Exactly the lines from the one with "interpret pendant_extension_invertible V1" through the final line of the listing below should appear in the answer, and no others.
------------
abbreviation k1 :: real where "k1 \<equiv> \<Sum>x\<in>V1. curvature V1 E1 x"

lemma total_curvature_old_eq: "k1 = real (card V1) * sum R V1"
  by (simp add: curvature_old_eq sum_distrib_left)

lemma pendant_denominator_eq: "2 * real (card V1) + k1 = real (card V1) * S"
  by (simp add: total_curvature_old_eq algebra_simps)

lemma curvature_pendant_old:
  assumes "x \<in> V1" "x \<noteq> u"
  shows "curvature V E x = 2 * (real (card V1) + 1) / (2 * real (card V1) + k1) * curvature V1 E1 x"
proof -
  have "curvature V E x = 2 * (real (card V1) + 1) * R x / S"
    using curvature_pendant_rows(1)[OF assms(1)] assms(2) schur_complement_nonzero
    by (simp add: field_simps)
  then show ?thesis
    unfolding pendant_denominator_eq unfolding curvature_old_eq using card_V1_pos by simp
qed

lemma curvature_pendant_attach:
  "curvature V E u = 2 * (real (card V1) + 1) / (2 * real (card V1) + k1) * (curvature V1 E1 u - k1 / 2)"
proof -
  have "curvature V E u = 2 * (real (card V1) + 1) * (R u - sum R V1 / 2) / S"
    using curvature_pendant_rows(1)[OF u_in] schur_complement_nonzero by (simp add: field_simps)
  moreover have "curvature V1 E1 u - k1 / 2 = real (card V1) * (R u - sum R V1 / 2)"
    by (simp add: curvature_old_eq algebra_simps sum_distrib_left)
  ultimately show ?thesis
    unfolding pendant_denominator_eq using card_V1_pos by simp
qed

lemma curvature_pendant_new:
  "curvature V E v = (real (card V1) + 1) * k1 / (2 * real (card V1) + k1)"
  unfolding curvature_pendant_rows(2) pendant_denominator_eq unfolding total_curvature_old_eq
  using card_V1_pos by simp

end

theorem mainTheorem4:
  fixes V1 :: "'a set" and E1 :: "'a \<Rightarrow> 'a \<Rightarrow> bool" and u v :: 'a
  assumes "simple_graph V1 E1" and "connected_graph V1 E1" and "card V1 \<ge> 2"
    and "u \<in> V1" and "v \<notin> V1"
    and C1: "2 + (\<Sum>x\<in>V1. curvature V1 E1 x) / real (card V1) \<noteq> 0"
    and C2: "invertible_on V1 (dist_matrix V1 E1)"
    and C3: "curvature V1 E1 u \<noteq> 0"
  shows "invertible_on (insert v V1) (dist_matrix (insert v V1) (add_edge E1 u v)) \<and>
    (let n = real (card V1); k1 = (\<Sum>x\<in>V1. curvature V1 E1 x); ku = curvature V1 E1 u;
         \<alpha> = 2 * (n + 1) / (2 * n + k1); \<gamma> = (1 - k1 / (2 * ku)) * \<alpha>;
         K = curvature (insert v V1) (add_edge E1 u v)
     in (\<forall>x\<in>V1 - {u}. K x = \<alpha> * curvature V1 E1 x) \<and>
        K u = \<gamma> * ku \<and>
        K v = (n + 1) * k1 / (2 * n + k1))"
proof -
  interpret pendant_extension_invertible V1 E1 u v
    using assms by unfold_locales
  define \<alpha> where "\<alpha> = 2 * (real (card V1) + 1) / (2 * real (card V1) + k1)"
  have "curvature V E u = \<alpha> * (curvature V1 E1 u - k1 / 2)"
    unfolding \<alpha>_def by (rule curvature_pendant_attach)
  also have "\<dots> = (1 - k1 / (2 * curvature V1 E1 u)) * \<alpha> * curvature V1 E1 u"
    using C3 by (simp add: field_simps)
  finally show ?thesis
    using invertible_on_pendant curvature_pendant_old curvature_pendant_new
    by (simp add: Let_def \<alpha>_def)
qed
------------
Solution for this exercise =>
  interpret pendant_extension_invertible V1 E1 u v
    using assms by unfold_locales
  define \<alpha> where "\<alpha> = 2 * (real (card V1) + 1) / (2 * real (card V1) + k1)"
  have "curvature V E u = \<alpha> * (curvature V1 E1 u - k1 / 2)"
    unfolding \<alpha>_def by (rule curvature_pendant_attach)
  also have "\<dots> = (1 - k1 / (2 * curvature V1 E1 u)) * \<alpha> * curvature V1 E1 u"
    using C3 by (simp add: field_simps)
  finally show ?thesis
    using invertible_on_pendant curvature_pendant_old curvature_pendant_new
    by (simp add: Let_def \<alpha>_def)
qed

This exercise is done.